Hi @ACE8009 , welcome to the Forum!

I’m not completely sure how your UI works but here are some tips that could help you:

  1. You can create the QNode with qml.QNode() instead of the decorator. See an example here in the docs.
  2. You can use quantum functions that you nest within each other before you turn them into a QNode. For example you can have the following code, where you don’t need to have all gates as part of the same function.
# Import PennyLane
import pennylane as qml

# Create any subfunctions you need
def my_subfunction():
  qml.Hadamard(wires=0)

# Create a quantum function that returns a measurement
def q_func(params):
  qml.RY(params,wires=0)
  my_subfunction()
  qml.CNOT(wires=[0,1])
  return qml.expval(qml.PauliZ(0)),qml.expval(qml.PauliZ(1))

# Set an initial value for your parameters in order to run your circuit
my_params = 1.1

# Draw the quantum function 
qml.draw_mpl(q_func)(my_params)

# Create a QNode
dev = qml.device('default.qubit',wires=2)
my_qnode = qml.QNode(q_func,dev)

# Print the output of your circuit (you can draw the QNode too)
my_qnode(my_params)

Does this answer your questions or concerns? Let us know if you have any additional questions.

Greetings Miss. Albornoz,

Hope you are well. Yeah, this is what I was mentioning. This requires knowing exactly what gates you want to apply in advance, and you’d have to recreate the q_func everytime you add sth to it.

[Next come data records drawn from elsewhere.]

(* Let $\mu=(p,q,r,s)\in\mathbb{C}^4$. There is a constant $m(\mu)>0$ such that for every $\phi\in\Phi_\mu$, if three regions $X,Y,Z$ meet at a vertex which is a sink (all three arrows assigned by $\phi$ on the edges at that vertex point towards it), then $\min\{|\phi(X)|,|\phi(Y)|,|\phi(Z)|\}\le m(\mu)$.
   Context: Let $\Sigma$ be a countably infinite simplicial tree, properly embedded in the plane, all of whose vertices have degree $3$. A complementary region is the closure of a connected component of the complement of $\Sigma$; $\Omega$ is the set of complementary regions, $E(\Sigma)$ the set of edges. Every edge $e$ is the intersection of exactly two regions $X,Y$, and its two endpoints lie on two further regions $Z,W$ respectively; write $e\leftrightarrow(X,Y;Z,W)$. Three regions meet at each vertex. Fix a coloring $\mathcal C:\Omega\cup E(\Sigma)\to\{1,2,3\}$ such that for every $e\leftrightarrow(X,Y;Z,W)$, $\mathcal C(e)=\mathcal C(Z)=\mathcal C(W)$ and $\mathcal C(e),\mathcal C(X),\mathcal C(Y)$ are pairwise distinct; $\Omega_i$, $E_i$ denote regions/edges of color $i$. For $\mu=(p,q,r,s)\in\mathbb{C}^4$, a $\mu$-Markoff map is $\phi:\Omega\to\mathbb{C}$ such that (i) at every vertex with regions $X\in\Omega_1,Y\in\Omega_2,Z\in\Omega_3$, $x^2+y^2+z^2+xyz=px+qy+rz+s$ where $x=\phi(X)$, etc.; (ii) for $e\in E_1$, $e\leftrightarrow(Y,Z;X,X')$: $\phi(X)+\phi(X')=p-\phi(Y)\phi(Z)$; for $e\in E_2$, $e\leftrightarrow(X,Z;Y,Y')$: $\phi(Y)+\phi(Y')=q-\phi(X)\phi(Z)$; for $e\in E_3$, $e\leftrightarrow(X,Y;Z,Z')$: $\phi(Z)+\phi(Z')=r-\phi(X)\phi(Y)$. $\Phi_\mu$ is the set of such maps. Arrows: given $\phi$ and an edge $e\leftrightarrow(X,Y;Z,W)$, orient $e$ towards its endpoint lying on $W$ if $|\phi(Z)|>|\phi(W)|$, towards its endpoint lying on $Z$ if $|\phi(Z)|<|\phi(W)|$, and arbitrarily (but fixed) if equal. *)

theory Defs
  imports Complex_Main "HOL-Library.Countable_Set"
begin
(* Let $U\subset\mathbb{R}^m$ be a bounded domain and $f\in W^{1,1}(U,\mathbb{R}^n)$. Suppose $$\inf_{\{f_j\}}\int_U\Big(\sup_j|\Lambda^kf_j|\Big)\,dx<\infty,$$ where the infimum is over all sequences $\{f_j\}\subset C^1(U,\mathbb{R}^n)$ with $\|f_j-f\|_{W^{1,1}(U)}\to0$. Then $f\in\mathcal{S}^k(U,\mathbb{R}^n)$.
   Context: For $f\in W^{1,1}(U,\mathbb{R}^n)$, $|\Lambda^kf|(x)$ is the maximum of the absolute values of all $k\times k$ minors of the Jacobian matrix $Df(x)=(\partial f_\nu/\partial x_\mu)$ ($0$ if $k>\min(m,n)$). For $\alpha=\sum_{i_1<\dots<i_k}a_{i_1\dots i_k}(y)\,dy_{i_1}\wedge\dots\wedge dy_{i_k}$ on $\mathbb{R}^n$, $f^*\alpha=\sum a_{i_1\dots i_k}(f(x))\,df_{i_1}\wedge\dots\wedge df_{i_k}$, $df_\nu=\sum_\mu\frac{\partial f_\nu}{\partial x_\mu}dx_\mu$. $C^1_b(\mathbb{R}^n,\Lambda^k)$: $C^1$ $k$-forms on $\mathbb{R}^n$ with bounded coefficients and bounded first derivatives of coefficients; $C^1_0(U,\Lambda^j)$: $C^1$ forms on $U$ with compactly supported coefficients. $\mathcal{F}^k(U,\mathbb{R}^n)=\{f\in W^{1,1}(U,\mathbb{R}^n): |\Lambda^kf|\in L^1(U)\}$. A sequence $f_j\in\mathcal{F}^k$ converges to $f\in\mathcal{F}^k$ in the $\tau^k$ topology if $f_j\to f$ in $W^{1,1}$ and $\int_Uf_j^*\alpha\wedge\omega\to\int_Uf^*\alpha\wedge\omega$ for all $\alpha\in C^1_b(\mathbb{R}^n,\Lambda^k)$, $\omega\in C^1_0(U,\Lambda^{m-k})$. A map $f$ is $k$-stable, written $f\in\mathcal{S}^k(U,\mathbb{R}^n)$, if $f\in\mathcal{F}^k(U,\mathbb{R}^n)$ and there is a sequence $f_j\in C^1(U,\mathbb{R}^n)\cap\mathcal{F}^k(U,\mathbb{R}^n)$ converging to $f$ in the $\tau^k$ topology. *)

theory Defs
  imports "HOL-Analysis.Analysis"
begin

definition pd :: "'m::{finite,linorder} \<Rightarrow> (real^'m::{finite,linorder} \<Rightarrow> 'b::real_normed_vector) \<Rightarrow> real^'m::{finite,linorder} \<Rightarrow> 'b" where
  "pd i g x = frechet_derivative g (at x) (axis i 1)"

definition C1_on :: "(real^'m::{finite,linorder}) set \<Rightarrow> (real^'m::{finite,linorder} \<Rightarrow> 'b::real_normed_vector) \<Rightarrow> bool" where
  "C1_on U g \<longleftrightarrow> (\<forall>x\<in>U. g differentiable (at x)) \<and> (\<forall>i. continuous_on U (pd i g))"

fun iter_pd :: "'m::{finite,linorder} list \<Rightarrow> (real^'m::{finite,linorder} \<Rightarrow> real) \<Rightarrow> real^'m::{finite,linorder} \<Rightarrow> real" where
  "iter_pd [] g = g"
| "iter_pd (i # ds) g = pd i (iter_pd ds g)"

definition smooth_on :: "(real^'m::{finite,linorder}) set \<Rightarrow> (real^'m::{finite,linorder} \<Rightarrow> real) \<Rightarrow> bool" where
  "smooth_on U g \<longleftrightarrow> (\<forall>ds. (\<forall>x\<in>U. iter_pd ds g differentiable (at x)) \<and> continuous_on U (iter_pd ds g))"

I’ll see if the nested approach works in the meantime, but what I was looking forward is how to use pennylane like qiskit.

Hi @ACE8009 ,

In that case could you please provide a small example (like the one I shared) of what you would expect to be able to do?

You may be able to use tapes or transforms, or import your circuit from Qiskit directly as shown here. Let me know if this is what you were looking for.